─── DATASET ENTRIES ───

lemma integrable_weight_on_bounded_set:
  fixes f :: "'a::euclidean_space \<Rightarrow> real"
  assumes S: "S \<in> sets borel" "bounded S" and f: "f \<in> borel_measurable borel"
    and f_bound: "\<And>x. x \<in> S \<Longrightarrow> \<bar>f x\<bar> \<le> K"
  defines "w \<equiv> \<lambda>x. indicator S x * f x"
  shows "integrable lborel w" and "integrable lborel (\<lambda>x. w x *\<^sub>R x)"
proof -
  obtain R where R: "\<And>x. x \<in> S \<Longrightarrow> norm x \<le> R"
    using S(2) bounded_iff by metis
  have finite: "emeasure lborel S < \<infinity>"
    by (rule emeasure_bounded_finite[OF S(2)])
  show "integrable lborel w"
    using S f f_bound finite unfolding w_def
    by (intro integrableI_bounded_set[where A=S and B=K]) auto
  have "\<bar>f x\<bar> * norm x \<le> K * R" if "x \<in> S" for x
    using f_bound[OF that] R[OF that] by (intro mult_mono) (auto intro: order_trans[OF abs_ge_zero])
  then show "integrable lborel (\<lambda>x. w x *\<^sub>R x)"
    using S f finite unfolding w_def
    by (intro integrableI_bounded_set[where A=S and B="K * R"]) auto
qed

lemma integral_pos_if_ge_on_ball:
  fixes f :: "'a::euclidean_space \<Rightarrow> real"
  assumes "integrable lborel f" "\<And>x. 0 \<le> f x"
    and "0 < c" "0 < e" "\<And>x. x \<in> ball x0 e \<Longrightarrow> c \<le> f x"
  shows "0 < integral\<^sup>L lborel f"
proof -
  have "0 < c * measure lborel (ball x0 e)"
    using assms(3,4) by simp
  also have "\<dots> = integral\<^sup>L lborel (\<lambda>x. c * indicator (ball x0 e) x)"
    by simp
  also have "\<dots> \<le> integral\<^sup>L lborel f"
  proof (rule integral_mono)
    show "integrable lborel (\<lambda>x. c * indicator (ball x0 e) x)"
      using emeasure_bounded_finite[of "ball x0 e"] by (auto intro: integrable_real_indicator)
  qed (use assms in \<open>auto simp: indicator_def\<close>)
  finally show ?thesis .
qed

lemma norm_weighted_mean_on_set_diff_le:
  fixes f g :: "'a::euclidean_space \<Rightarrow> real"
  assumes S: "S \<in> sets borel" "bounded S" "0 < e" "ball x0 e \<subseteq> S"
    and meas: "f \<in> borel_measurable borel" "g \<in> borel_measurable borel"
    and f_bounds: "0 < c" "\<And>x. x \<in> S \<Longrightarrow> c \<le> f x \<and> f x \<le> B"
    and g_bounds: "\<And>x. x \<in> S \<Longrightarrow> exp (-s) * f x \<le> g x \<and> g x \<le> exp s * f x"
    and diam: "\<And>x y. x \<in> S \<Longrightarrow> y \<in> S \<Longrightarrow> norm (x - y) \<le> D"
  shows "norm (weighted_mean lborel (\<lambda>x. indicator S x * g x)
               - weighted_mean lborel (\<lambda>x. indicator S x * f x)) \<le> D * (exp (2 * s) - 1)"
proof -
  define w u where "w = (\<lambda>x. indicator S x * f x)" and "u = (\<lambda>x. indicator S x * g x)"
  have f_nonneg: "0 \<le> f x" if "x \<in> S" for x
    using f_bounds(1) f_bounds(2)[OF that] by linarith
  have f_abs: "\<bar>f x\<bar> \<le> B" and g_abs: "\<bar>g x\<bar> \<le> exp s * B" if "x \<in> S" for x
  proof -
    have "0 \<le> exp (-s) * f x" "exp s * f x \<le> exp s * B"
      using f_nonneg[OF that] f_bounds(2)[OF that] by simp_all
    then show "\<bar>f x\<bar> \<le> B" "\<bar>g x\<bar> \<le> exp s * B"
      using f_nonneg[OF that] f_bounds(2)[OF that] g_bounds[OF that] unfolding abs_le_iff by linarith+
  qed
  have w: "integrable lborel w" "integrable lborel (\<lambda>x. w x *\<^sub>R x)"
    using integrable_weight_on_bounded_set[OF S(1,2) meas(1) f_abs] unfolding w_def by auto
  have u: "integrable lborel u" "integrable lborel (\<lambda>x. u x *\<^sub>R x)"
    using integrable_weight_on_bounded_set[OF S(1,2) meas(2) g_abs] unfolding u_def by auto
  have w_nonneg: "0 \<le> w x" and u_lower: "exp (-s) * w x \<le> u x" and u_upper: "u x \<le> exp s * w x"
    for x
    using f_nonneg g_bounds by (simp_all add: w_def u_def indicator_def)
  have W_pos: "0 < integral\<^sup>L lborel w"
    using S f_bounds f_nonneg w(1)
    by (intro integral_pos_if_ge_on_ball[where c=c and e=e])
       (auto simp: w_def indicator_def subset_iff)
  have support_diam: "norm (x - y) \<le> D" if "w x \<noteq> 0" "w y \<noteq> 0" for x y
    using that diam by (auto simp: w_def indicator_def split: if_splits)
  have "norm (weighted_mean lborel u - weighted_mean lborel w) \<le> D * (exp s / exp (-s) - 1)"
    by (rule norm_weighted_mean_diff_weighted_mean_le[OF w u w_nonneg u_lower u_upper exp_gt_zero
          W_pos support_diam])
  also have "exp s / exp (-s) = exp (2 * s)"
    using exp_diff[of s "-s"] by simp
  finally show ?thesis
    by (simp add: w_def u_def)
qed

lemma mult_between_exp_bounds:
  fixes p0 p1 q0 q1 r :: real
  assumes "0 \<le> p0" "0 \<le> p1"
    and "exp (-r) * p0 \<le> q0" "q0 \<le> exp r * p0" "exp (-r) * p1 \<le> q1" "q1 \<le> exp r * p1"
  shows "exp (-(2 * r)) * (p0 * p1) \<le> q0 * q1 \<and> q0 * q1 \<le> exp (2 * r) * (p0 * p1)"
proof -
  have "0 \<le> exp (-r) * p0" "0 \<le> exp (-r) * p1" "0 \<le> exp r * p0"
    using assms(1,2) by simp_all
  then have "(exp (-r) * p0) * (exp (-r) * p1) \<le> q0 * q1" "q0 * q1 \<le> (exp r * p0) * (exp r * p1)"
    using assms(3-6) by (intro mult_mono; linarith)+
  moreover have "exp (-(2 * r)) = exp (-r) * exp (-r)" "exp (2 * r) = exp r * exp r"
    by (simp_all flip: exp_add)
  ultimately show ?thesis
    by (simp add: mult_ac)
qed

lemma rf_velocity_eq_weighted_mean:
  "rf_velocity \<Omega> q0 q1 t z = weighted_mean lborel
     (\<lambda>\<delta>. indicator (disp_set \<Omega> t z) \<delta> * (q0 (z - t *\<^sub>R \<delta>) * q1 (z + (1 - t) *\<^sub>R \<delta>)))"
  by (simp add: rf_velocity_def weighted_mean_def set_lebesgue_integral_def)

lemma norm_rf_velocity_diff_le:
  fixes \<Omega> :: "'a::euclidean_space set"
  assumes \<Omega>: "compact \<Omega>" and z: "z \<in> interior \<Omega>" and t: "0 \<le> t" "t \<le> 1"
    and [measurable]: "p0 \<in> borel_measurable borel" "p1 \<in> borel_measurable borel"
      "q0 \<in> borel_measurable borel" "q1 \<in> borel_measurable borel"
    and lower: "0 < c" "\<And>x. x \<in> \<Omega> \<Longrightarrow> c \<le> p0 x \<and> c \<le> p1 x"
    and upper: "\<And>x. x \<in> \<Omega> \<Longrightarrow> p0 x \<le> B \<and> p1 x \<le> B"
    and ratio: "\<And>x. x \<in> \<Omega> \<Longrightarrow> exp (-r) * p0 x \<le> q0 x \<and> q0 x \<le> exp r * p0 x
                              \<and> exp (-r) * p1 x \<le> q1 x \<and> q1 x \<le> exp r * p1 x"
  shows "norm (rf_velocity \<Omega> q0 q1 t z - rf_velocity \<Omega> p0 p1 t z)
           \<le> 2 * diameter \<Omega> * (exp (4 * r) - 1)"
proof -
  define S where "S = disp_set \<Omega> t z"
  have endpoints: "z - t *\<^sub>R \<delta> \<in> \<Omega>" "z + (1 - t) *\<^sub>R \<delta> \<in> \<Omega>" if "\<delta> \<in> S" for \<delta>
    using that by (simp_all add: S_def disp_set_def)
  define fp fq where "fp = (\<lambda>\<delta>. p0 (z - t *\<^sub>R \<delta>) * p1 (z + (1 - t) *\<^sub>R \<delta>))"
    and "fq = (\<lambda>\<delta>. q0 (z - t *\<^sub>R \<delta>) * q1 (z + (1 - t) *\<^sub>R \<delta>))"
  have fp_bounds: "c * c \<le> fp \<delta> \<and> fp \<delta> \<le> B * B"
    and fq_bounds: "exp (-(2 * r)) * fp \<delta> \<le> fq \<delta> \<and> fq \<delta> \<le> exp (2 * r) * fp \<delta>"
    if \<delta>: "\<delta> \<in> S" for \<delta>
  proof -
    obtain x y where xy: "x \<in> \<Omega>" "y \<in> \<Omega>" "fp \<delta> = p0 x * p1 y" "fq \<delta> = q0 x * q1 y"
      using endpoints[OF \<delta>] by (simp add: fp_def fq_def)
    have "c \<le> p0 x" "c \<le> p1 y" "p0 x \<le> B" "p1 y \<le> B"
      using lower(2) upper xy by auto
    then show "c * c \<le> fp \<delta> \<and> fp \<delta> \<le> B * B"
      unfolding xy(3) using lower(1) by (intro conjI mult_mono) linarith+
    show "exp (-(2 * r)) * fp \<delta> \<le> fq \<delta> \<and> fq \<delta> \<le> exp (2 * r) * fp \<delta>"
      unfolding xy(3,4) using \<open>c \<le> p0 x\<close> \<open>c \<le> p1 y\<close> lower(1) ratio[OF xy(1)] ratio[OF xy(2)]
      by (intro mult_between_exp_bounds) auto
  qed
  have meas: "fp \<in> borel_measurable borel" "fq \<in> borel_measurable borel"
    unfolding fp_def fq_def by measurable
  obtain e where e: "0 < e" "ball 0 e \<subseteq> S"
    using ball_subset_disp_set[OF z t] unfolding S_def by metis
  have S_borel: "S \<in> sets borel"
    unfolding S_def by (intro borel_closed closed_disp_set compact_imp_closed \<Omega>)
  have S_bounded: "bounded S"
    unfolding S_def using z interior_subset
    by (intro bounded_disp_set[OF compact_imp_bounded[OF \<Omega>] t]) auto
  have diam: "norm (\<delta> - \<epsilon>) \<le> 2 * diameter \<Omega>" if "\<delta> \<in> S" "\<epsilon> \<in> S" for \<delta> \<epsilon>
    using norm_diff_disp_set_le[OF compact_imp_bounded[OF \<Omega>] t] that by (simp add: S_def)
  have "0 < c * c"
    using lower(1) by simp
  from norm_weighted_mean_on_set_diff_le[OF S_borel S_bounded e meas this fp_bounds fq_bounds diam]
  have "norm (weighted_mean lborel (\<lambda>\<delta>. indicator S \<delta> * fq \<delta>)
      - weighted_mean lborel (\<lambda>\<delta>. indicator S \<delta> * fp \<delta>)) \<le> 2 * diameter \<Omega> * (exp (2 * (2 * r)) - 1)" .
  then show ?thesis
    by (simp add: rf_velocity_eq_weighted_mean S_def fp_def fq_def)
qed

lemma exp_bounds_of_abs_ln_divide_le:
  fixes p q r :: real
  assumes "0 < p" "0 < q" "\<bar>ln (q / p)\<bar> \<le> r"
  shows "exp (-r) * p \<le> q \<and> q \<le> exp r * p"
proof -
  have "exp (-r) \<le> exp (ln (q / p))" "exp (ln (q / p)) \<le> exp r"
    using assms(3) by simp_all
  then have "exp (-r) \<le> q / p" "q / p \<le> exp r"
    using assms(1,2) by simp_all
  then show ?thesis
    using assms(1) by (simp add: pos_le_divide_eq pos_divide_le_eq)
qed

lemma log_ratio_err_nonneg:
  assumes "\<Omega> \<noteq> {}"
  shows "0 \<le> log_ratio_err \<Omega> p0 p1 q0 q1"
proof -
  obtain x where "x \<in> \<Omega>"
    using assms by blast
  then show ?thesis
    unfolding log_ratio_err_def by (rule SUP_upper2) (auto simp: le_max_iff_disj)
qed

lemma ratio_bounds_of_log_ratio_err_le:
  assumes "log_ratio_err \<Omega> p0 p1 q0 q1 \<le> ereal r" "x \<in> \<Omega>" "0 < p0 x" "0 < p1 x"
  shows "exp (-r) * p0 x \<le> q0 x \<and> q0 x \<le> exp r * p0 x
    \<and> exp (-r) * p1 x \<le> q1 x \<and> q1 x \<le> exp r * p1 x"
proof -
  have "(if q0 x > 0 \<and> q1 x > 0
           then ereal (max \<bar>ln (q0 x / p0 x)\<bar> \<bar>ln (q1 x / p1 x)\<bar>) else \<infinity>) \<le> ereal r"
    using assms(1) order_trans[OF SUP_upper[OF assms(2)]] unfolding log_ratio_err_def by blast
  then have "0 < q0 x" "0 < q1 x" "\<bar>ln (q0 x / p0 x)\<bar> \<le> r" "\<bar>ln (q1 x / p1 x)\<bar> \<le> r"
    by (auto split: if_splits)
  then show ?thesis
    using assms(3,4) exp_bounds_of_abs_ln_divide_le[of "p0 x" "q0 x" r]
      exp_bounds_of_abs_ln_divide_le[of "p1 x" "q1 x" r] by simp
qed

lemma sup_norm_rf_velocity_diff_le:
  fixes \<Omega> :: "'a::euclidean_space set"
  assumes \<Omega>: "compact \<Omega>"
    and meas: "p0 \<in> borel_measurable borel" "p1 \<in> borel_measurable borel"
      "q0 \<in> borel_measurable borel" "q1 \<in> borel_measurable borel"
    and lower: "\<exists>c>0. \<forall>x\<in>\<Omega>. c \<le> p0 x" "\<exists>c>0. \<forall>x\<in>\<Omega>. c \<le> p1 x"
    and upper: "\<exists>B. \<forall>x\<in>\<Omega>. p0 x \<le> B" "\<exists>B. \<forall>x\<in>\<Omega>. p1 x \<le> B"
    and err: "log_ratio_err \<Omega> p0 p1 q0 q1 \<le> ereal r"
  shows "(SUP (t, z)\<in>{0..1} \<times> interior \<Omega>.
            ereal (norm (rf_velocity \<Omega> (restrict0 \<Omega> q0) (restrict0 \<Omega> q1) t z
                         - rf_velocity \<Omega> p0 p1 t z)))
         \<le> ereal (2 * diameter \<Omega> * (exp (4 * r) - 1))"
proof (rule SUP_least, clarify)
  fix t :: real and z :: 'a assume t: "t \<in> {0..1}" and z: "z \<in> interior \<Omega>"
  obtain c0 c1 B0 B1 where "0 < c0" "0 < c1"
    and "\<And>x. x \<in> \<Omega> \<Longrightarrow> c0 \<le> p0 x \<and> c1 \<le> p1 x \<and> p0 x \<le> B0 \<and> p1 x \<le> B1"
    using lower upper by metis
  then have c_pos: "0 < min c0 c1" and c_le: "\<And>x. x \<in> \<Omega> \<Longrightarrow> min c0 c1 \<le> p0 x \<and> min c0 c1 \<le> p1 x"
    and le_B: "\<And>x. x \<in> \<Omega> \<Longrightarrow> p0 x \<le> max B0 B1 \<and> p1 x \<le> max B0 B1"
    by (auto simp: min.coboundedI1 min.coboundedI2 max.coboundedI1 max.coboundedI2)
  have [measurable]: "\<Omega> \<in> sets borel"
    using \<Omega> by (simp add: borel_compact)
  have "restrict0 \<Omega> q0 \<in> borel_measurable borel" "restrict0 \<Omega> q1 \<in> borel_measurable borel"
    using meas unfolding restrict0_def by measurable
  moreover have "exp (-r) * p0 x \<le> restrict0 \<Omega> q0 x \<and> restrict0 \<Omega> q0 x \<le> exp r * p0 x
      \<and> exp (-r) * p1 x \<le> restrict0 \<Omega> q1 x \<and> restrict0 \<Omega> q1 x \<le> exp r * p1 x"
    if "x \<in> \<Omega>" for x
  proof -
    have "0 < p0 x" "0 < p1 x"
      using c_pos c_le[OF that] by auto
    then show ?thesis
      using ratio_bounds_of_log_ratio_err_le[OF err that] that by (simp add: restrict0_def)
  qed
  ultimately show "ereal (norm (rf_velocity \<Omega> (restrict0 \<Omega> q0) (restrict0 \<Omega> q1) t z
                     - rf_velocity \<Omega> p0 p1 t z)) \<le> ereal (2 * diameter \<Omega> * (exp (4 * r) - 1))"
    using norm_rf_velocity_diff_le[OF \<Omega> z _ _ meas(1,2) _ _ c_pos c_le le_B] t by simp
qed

───

_DESCRIPTION OF THE TASK_
A verbatim transcription is needed of the lines above, starting at the line with "using exp_diff[of s" and ending at the line with "z = weighted_mean lborel", both included, and of nothing else.

_WRITTEN RESPONSE_
    using exp_diff[of s "-s"] by simp
  finally show ?thesis
    by (simp add: w_def u_def)
qed

lemma mult_between_exp_bounds:
  fixes p0 p1 q0 q1 r :: real
  assumes "0 \<le> p0" "0 \<le> p1"
    and "exp (-r) * p0 \<le> q0" "q0 \<le> exp r * p0" "exp (-r) * p1 \<le> q1" "q1 \<le> exp r * p1"
  shows "exp (-(2 * r)) * (p0 * p1) \<le> q0 * q1 \<and> q0 * q1 \<le> exp (2 * r) * (p0 * p1)"
proof -
  have "0 \<le> exp (-r) * p0" "0 \<le> exp (-r) * p1" "0 \<le> exp r * p0"
    using assms(1,2) by simp_all
  then have "(exp (-r) * p0) * (exp (-r) * p1) \<le> q0 * q1" "q0 * q1 \<le> (exp r * p0) * (exp r * p1)"
    using assms(3-6) by (intro mult_mono; linarith)+
  moreover have "exp (-(2 * r)) = exp (-r) * exp (-r)" "exp (2 * r) = exp r * exp r"
    by (simp_all flip: exp_add)
  ultimately show ?thesis
    by (simp add: mult_ac)
qed

lemma rf_velocity_eq_weighted_mean:
  "rf_velocity \<Omega> q0 q1 t z = weighted_mean lborel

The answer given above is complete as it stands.